(Beginning of Data)

text \<open>A constant oracle gives the sinc-squared density \<open>|\<phi>(x)|^2 = sin(Px)^2/(\<pi>Px^2)\<close>, so a single
  run detects with probability at least \<open>1 - \<pi>^2/36 > 0.72\<close>. For a balanced oracle the
  phases \<open>\<plusminus>1\<close> sum to zero, which makes the wave function vanish to first order at the
  origin: \<open>|\<phi>(x)|^2 \<le> P^3x^2/(4\<pi>)\<close>, and the detection probability is at most
  \<open>\<pi>^2/48 < 0.21\<close>. Neither bound depends on \<open>N\<close>. Running the algorithm \<open>9m\<close> times and
  answering "constant" iff at least \<open>4m\<close> runs detect therefore errs with probability at most
  \<open>e^{-m}\<close>, by Chernoff bounds on the number of detections.\<close>

lemma sum_prod_list_lists_length:
  fixes a c :: "'a::comm_semiring_1"
  shows "(\<Sum>bs\<in>{bs. length bs = r}. prod_list (map (\<lambda>b. if b then a else c) bs)) = (a + c) ^ r"
proof (induction r)
  case 0
  have "{bs::bool list. length bs = 0} = {[]}" by auto
  then show ?case by simp
next
  case (Suc r)
  let ?w = "\<lambda>bs. prod_list (map (\<lambda>b. if b then a else c) bs)"
  have split: "{bs. length bs = Suc r} = (\<lambda>(xs, b). b # xs) ` ({bs. length bs = r} \<times> UNIV)"
    using lists_length_Suc_eq[of UNIV r] by simp
  have inj: "inj_on (\<lambda>(xs, b). b # xs) ({bs::bool list. length bs = r} \<times> UNIV)"
    by (auto simp: inj_on_def)
  have "(\<Sum>bs\<in>{bs. length bs = Suc r}. ?w bs) = (\<Sum>xs\<in>{bs. length bs = r}. \<Sum>b\<in>UNIV. ?w (b # xs))"
    unfolding split sum.reindex[OF inj] by (simp add: sum.cartesian_product case_prod_beta)
  also have "\<dots> = (\<Sum>xs\<in>{bs. length bs = r}. (a + c) * ?w xs)"
    by (intro sum.cong) (auto simp: UNIV_bool algebra_simps)
  also have "\<dots> = (a + c) ^ Suc r"
    using Suc by (simp add: sum_distrib_left[symmetric])
  finally show ?case .
qed

lemma outcome_prob_nonneg: "0 \<le> p \<Longrightarrow> p \<le> 1 \<Longrightarrow> 0 \<le> outcome_prob p bs"
  unfolding outcome_prob_def by (induction bs) auto

lemma sum_outcome_prob_mult_power_count:
  "(\<Sum>bs\<in>{bs. length bs = r}. outcome_prob p bs * l ^ count_list bs True) = (p * l + (1 - p)) ^ r"
proof -
  have "outcome_prob p bs * l ^ count_list bs True = prod_list (map (\<lambda>b. if b then p * l else 1 - p) bs)"
    for bs
    by (induction bs) (auto simp: outcome_prob_def)
  then show ?thesis by (simp add: sum_prod_list_lists_length)
qed

text \<open>Markov's inequality for the exponential moment \<open>l ^ (number of detections)\<close>.\<close>
lemma outcome_prob_tail_le:
  assumes "0 \<le> p" "p \<le> 1" "0 < l"
    and S: "S \<subseteq> {bs. length bs = r}" and tail: "\<And>bs. bs \<in> S \<Longrightarrow> l ^ k \<le> l ^ count_list bs True"
  shows "(\<Sum>bs\<in>S. outcome_prob p bs) \<le> (p * l + (1 - p)) ^ r / l ^ k"
proof -
  have "(\<Sum>bs\<in>S. outcome_prob p bs) \<le> (\<Sum>bs\<in>S. outcome_prob p bs * l ^ count_list bs True / l ^ k)"
    using tail outcome_prob_nonneg[OF assms(1,2)] \<open>0 < l\<close>
    by (intro sum_mono) (simp add: le_divide_eq mult_left_mono)
  also have "\<dots> \<le> (\<Sum>bs\<in>{bs. length bs = r}. outcome_prob p bs * l ^ count_list bs True / l ^ k)"
    using S outcome_prob_nonneg[OF assms(1,2)] \<open>0 < l\<close> finite_lists_length_eq[of "UNIV::bool set" r]
    by (intro sum_mono2) auto
  also have "\<dots> = (p * l + (1 - p)) ^ r / l ^ k"
    by (simp add: sum_divide_distrib[symmetric] sum_outcome_prob_mult_power_count)
  finally show ?thesis .
qed

lemma power_le_exp_neg:
  fixes q :: real
  assumes "0 \<le> q" "q \<le> 1/3"
  shows "q ^ m \<le> exp (- real m)"
proof -
  have "q * exp 1 \<le> 1/3 * 3"
    using assms exp_le by (intro mult_mono) auto
  then have "q \<le> exp (-1)"
    by (simp add: exp_minus field_simps)
  then have "q ^ m \<le> exp (-1) ^ m" using assms by (intro power_mono) auto
  then show ?thesis by (simp add: exp_of_nat_mult[symmetric])
qed

lemma outcome_prob_few_detections_le:
  fixes p :: real
  assumes "0.72 \<le> p" "p \<le> 1"
  shows "(\<Sum>bs\<in>{bs. length bs = 9 * m \<and> count_list bs True < 4 * m}. outcome_prob p bs) \<le> exp (- real m)"
proof -
  have "(\<Sum>bs\<in>{bs. length bs = 9 * m \<and> count_list bs True < 4 * m}. outcome_prob p bs)
      \<le> (p * (1/2) + (1 - p)) ^ (9 * m) / (1/2) ^ (4 * m)"
    using assms by (intro outcome_prob_tail_le) (auto intro: power_decreasing)
  also have "\<dots> = ((1 - p / 2) ^ 9 / (1/2) ^ 4) ^ m"
    unfolding power_mult power_divide by simp
  also have "\<dots> \<le> exp (- real m)"
  proof (rule power_le_exp_neg)
    have "(1 - p / 2) ^ 9 \<le> 0.64 ^ 9" using assms by (intro power_mono) auto
    then show "(1 - p / 2) ^ 9 / (1/2) ^ 4 \<le> 1/3" by (simp add: power_divide)
  qed (use assms in simp)
  finally show ?thesis .
qed

lemma outcome_prob_many_detections_le:
  fixes p :: real
  assumes "0 \<le> p" "p \<le> 0.21"
  shows "(\<Sum>bs\<in>{bs. length bs = 9 * m \<and> 4 * m \<le> count_list bs True}. outcome_prob p bs) \<le> exp (- real m)"
proof -
  have "(\<Sum>bs\<in>{bs. length bs = 9 * m \<and> 4 * m \<le> count_list bs True}. outcome_prob p bs)
      \<le> (p * (5/2) + (1 - p)) ^ (9 * m) / (5/2) ^ (4 * m)"
    using assms by (intro outcome_prob_tail_le) (auto intro: power_increasing)
  also have "\<dots> = ((1 + 3 * p / 2) ^ 9 / (5/2) ^ 4) ^ m"
    unfolding power_mult power_divide by (simp add: algebra_simps)
  also have "\<dots> \<le> exp (- real m)"
  proof (rule power_le_exp_neg)
    have "(1 + 3 * p / 2) ^ 9 \<le> 1.315 ^ 9" using assms by (intro power_mono) auto
    then show "(1 + 3 * p / 2) ^ 9 / (5/2) ^ 4 \<le> 1/3" by (simp add: power_divide)
  qed (use assms in simp)
  finally show ?thesis .
qed

text \<open>Multiplying by \<open>2\<i> sin t = e^{\<i>t} - e^{-\<i>t}\<close> makes the sum telescope.\<close>
lemma sin_mult_sum_exp_eq_sin:
  fixes t :: real and N :: nat
  shows "complex_of_real (sin t) *
      (\<Sum>j = 1..N. exp (\<i> * complex_of_real ((real N - (2 * real j - 1)) * t)))
    = complex_of_real (sin (real N * t))"
proof -
  define g where "g j = exp (\<i> * complex_of_real ((real N - 2 * real j) * t))" for j :: nat
  have sin_exp: "complex_of_real (sin u)
      = (exp (\<i> * complex_of_real u) - exp (- (\<i> * complex_of_real u))) / (2 * \<i>)" for u
    by (simp add: sin_exp_eq sin_of_real[symmetric])
  have summand: "(exp (\<i> * complex_of_real t) - exp (- (\<i> * complex_of_real t))) *
      exp (\<i> * complex_of_real ((real N - (2 * real j - 1)) * t)) = g (j - 1) - g j"
    if "j \<in> {1..N}" for j
  proof -
    have j: "real (j - 1) = real j - 1" using that by auto
    show ?thesis
      unfolding left_diff_distrib exp_add[symmetric] g_def j
      by (intro arg_cong2[where f="(-)"] arg_cong[where f=exp]) (simp_all add: algebra_simps)
  qed
  have "complex_of_real (sin t) *
      (\<Sum>j = 1..N. exp (\<i> * complex_of_real ((real N - (2 * real j - 1)) * t)))
    = (\<Sum>j = 1..N. g (j - 1) - g j) / (2 * \<i>)"
    unfolding sin_exp[of t] sum_distrib_left sum_divide_distrib times_divide_eq_left
    using summand by (intro sum.cong) simp_all
  also have "(\<Sum>j = 1..N. g (j - 1) - g j) = - (\<Sum>j = Suc 0..N. g j - g (j - 1))"
    by (simp add: sum_negf[symmetric])
  also have "(\<Sum>j = Suc 0..N. g j - g (j - 1)) = g N - g 0"
    by (rule sum_telescope'') simp
  also have "- (g N - g 0) / (2 * \<i>) = complex_of_real (sin (real N * t))"
    unfolding sin_exp g_def by (simp add: algebra_simps)
  finally show ?thesis .
qed

lemma norm_cvdj_phi_constant_sq:
  assumes P: "P > 0" and z: "is_constant_list n z"
  shows "(cmod (cvdj_phi n P z x))\<^sup>2 = (sin (P * x))\<^sup>2 / (P * pi * x\<^sup>2)"
proof -
  define N where "N = (2::nat) ^ n"
  have N0: "real N > 0" unfolding N_def by simp
  obtain b where zb: "z = replicate N b" using z unfolding is_constant_list_def N_def by auto
  define t where "t = P * x / real N"
  define s :: complex where "s = (if b then -1 else 1)"
  have phase: "(real N - (2 * real j - 1)) / real N * P * x = (real N - (2 * real j - 1)) * t" for j
    unfolding t_def using N0 by (simp add: field_simps)
  have signs: "(\<Sum>j = 1..N. (if z ! (j - 1) then -1 else 1) *
          exp (\<i> * complex_of_real ((real N - (2 * real j - 1)) / real N * P * x)))
      = s * (\<Sum>j = 1..N. exp (\<i> * complex_of_real ((real N - (2 * real j - 1)) * t)))"
    unfolding sum_distrib_left s_def phase by (intro sum.cong) (auto simp: zb)
  have "cvdj_phi n P z x = s * complex_of_real (1 / (sqrt (P * pi) * x)) *
      (complex_of_real (sin t) * (\<Sum>j = 1..N. exp (\<i> * complex_of_real ((real N - (2 * real j - 1)) * t))))"
    unfolding cvdj_phi_def Let_def N_def[symmetric] signs t_def[symmetric] by (simp add: algebra_simps)
  also have "\<dots> = s * complex_of_real (sin (P * x) / (sqrt (P * pi) * x))"
    unfolding sin_mult_sum_exp_eq_sin using N0 by (simp add: t_def)
  finally have "cmod (cvdj_phi n P z x) = \<bar>sin (P * x) / (sqrt (P * pi) * x)\<bar>"
    by (simp add: norm_mult s_def del: of_real_mult of_real_divide)
  then show ?thesis
    using P by (simp add: power_divide power_mult_distrib)
qed

lemma norm_sum_mult_exp_le:
  fixes a :: "'i \<Rightarrow> complex" and \<theta> :: "'i \<Rightarrow> real"
  assumes "sum a I = 0" and "\<And>j. j \<in> I \<Longrightarrow> cmod (a j) \<le> 1"
  shows "cmod (\<Sum>j\<in>I. a j * exp (\<i> * complex_of_real (\<theta> j))) \<le> (\<Sum>j\<in>I. \<bar>\<theta> j\<bar>)"
proof -
  have "(\<Sum>j\<in>I. a j * exp (\<i> * complex_of_real (\<theta> j)))
      = (\<Sum>j\<in>I. a j * (exp (\<i> * complex_of_real (\<theta> j)) - 1))"
    using assms(1) by (simp add: algebra_simps sum_subtractf)
  also have "cmod \<dots> \<le> (\<Sum>j\<in>I. cmod (a j) * cmod (exp (\<i> * complex_of_real (\<theta> j)) - 1))"
    by (rule order.trans[OF norm_sum]) (simp add: norm_mult)
  also have "\<dots> \<le> (\<Sum>j\<in>I. 1 * \<bar>\<theta> j\<bar>)"
  proof (intro sum_mono mult_mono)
    show "cmod (exp (\<i> * complex_of_real (\<theta> j)) - 1) \<le> \<bar>\<theta> j\<bar>" for j
      using dist_exp_i_1[of "\<theta> j"] abs_sin_x_le_abs_x[of "\<theta> j / 2"] by simp
  qed (use assms(2) in auto)
  finally show ?thesis by simp
qed

lemma sum_abs_centered_odd:
  "(\<Sum>j = 1..2 * M. \<bar>real (2 * M) - (2 * real j - 1)\<bar>) = 2 * real M ^ 2"
proof (induction M)
  case (Suc M)
  define f where "f j = \<bar>real (2 * Suc M) - (2 * real j - 1)\<bar>" for j :: nat
  have "(\<Sum>j = 1..2 * Suc M. f j) = f 1 + (\<Sum>j = Suc 1..Suc (2 * M). f j) + f (2 * M + 2)"
    by (simp add: sum.atLeast_Suc_atMost)
  also have "(\<Sum>j = Suc 1..Suc (2 * M). f j) = (\<Sum>j = 1..2 * M. f (Suc j))"
    by (rule sum.shift_bounds_cl_Suc_ivl)
  also have "(\<Sum>j = 1..2 * M. f (Suc j)) = (\<Sum>j = 1..2 * M. \<bar>real (2 * M) - (2 * real j - 1)\<bar>)"
    unfolding f_def by (intro sum.cong) (auto simp: algebra_simps)
  finally show ?case unfolding f_def Suc.IH by (simp add: power2_eq_square algebra_simps)
qed simp

lemma sum_signs_balanced:
  assumes "is_balanced_list n z"
  shows "(\<Sum>j = 1..2 ^ n. (if z ! (j - 1) then -1 else 1 :: complex)) = 0"
proof -
  define N where "N = (2::nat) ^ n"
  have half: "2 * card {j \<in> {..<N}. \<not> z ! j} = N"
    using assms unfolding is_balanced_list_def N_def by (simp add: lessThan_def)
  have "(\<Sum>j = 1..N. (if z ! (j - 1) then -1 else 1 :: complex))
      = (\<Sum>j<N. 2 * (if \<not> z ! j then 1 else 0) - 1)"
    by (simp add: sum.atLeast1_atMost_eq) (intro sum.cong; simp)
  also have "\<dots> = 2 * of_nat (card {j \<in> {..<N}. \<not> z ! j}) - of_nat N"
    by (simp add: sum_subtractf sum_distrib_left[symmetric] sum.inter_filter[symmetric])
  also have "\<dots> = 0"
    using arg_cong[OF half, of "of_nat :: nat \<Rightarrow> complex"] by simp
  finally show ?thesis unfolding N_def .
qed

(End of Data)

Will you return exactly the lines above from the one with "by (simp add: sum_negf[symmetric])" down to the one with "-1 else 1) *", counting both as part of the range?

## Task result
    by (simp add: sum_negf[symmetric])
  also have "(\<Sum>j = Suc 0..N. g j - g (j - 1)) = g N - g 0"
    by (rule sum_telescope'') simp
  also have "- (g N - g 0) / (2 * \<i>) = complex_of_real (sin (real N * t))"
    unfolding sin_exp g_def by (simp add: algebra_simps)
  finally show ?thesis .
qed

lemma norm_cvdj_phi_constant_sq:
  assumes P: "P > 0" and z: "is_constant_list n z"
  shows "(cmod (cvdj_phi n P z x))\<^sup>2 = (sin (P * x))\<^sup>2 / (P * pi * x\<^sup>2)"
proof -
  define N where "N = (2::nat) ^ n"
  have N0: "real N > 0" unfolding N_def by simp
  obtain b where zb: "z = replicate N b" using z unfolding is_constant_list_def N_def by auto
  define t where "t = P * x / real N"
  define s :: complex where "s = (if b then -1 else 1)"
  have phase: "(real N - (2 * real j - 1)) / real N * P * x = (real N - (2 * real j - 1)) * t" for j
    unfolding t_def using N0 by (simp add: field_simps)
  have signs: "(\<Sum>j = 1..N. (if z ! (j - 1) then -1 else 1) *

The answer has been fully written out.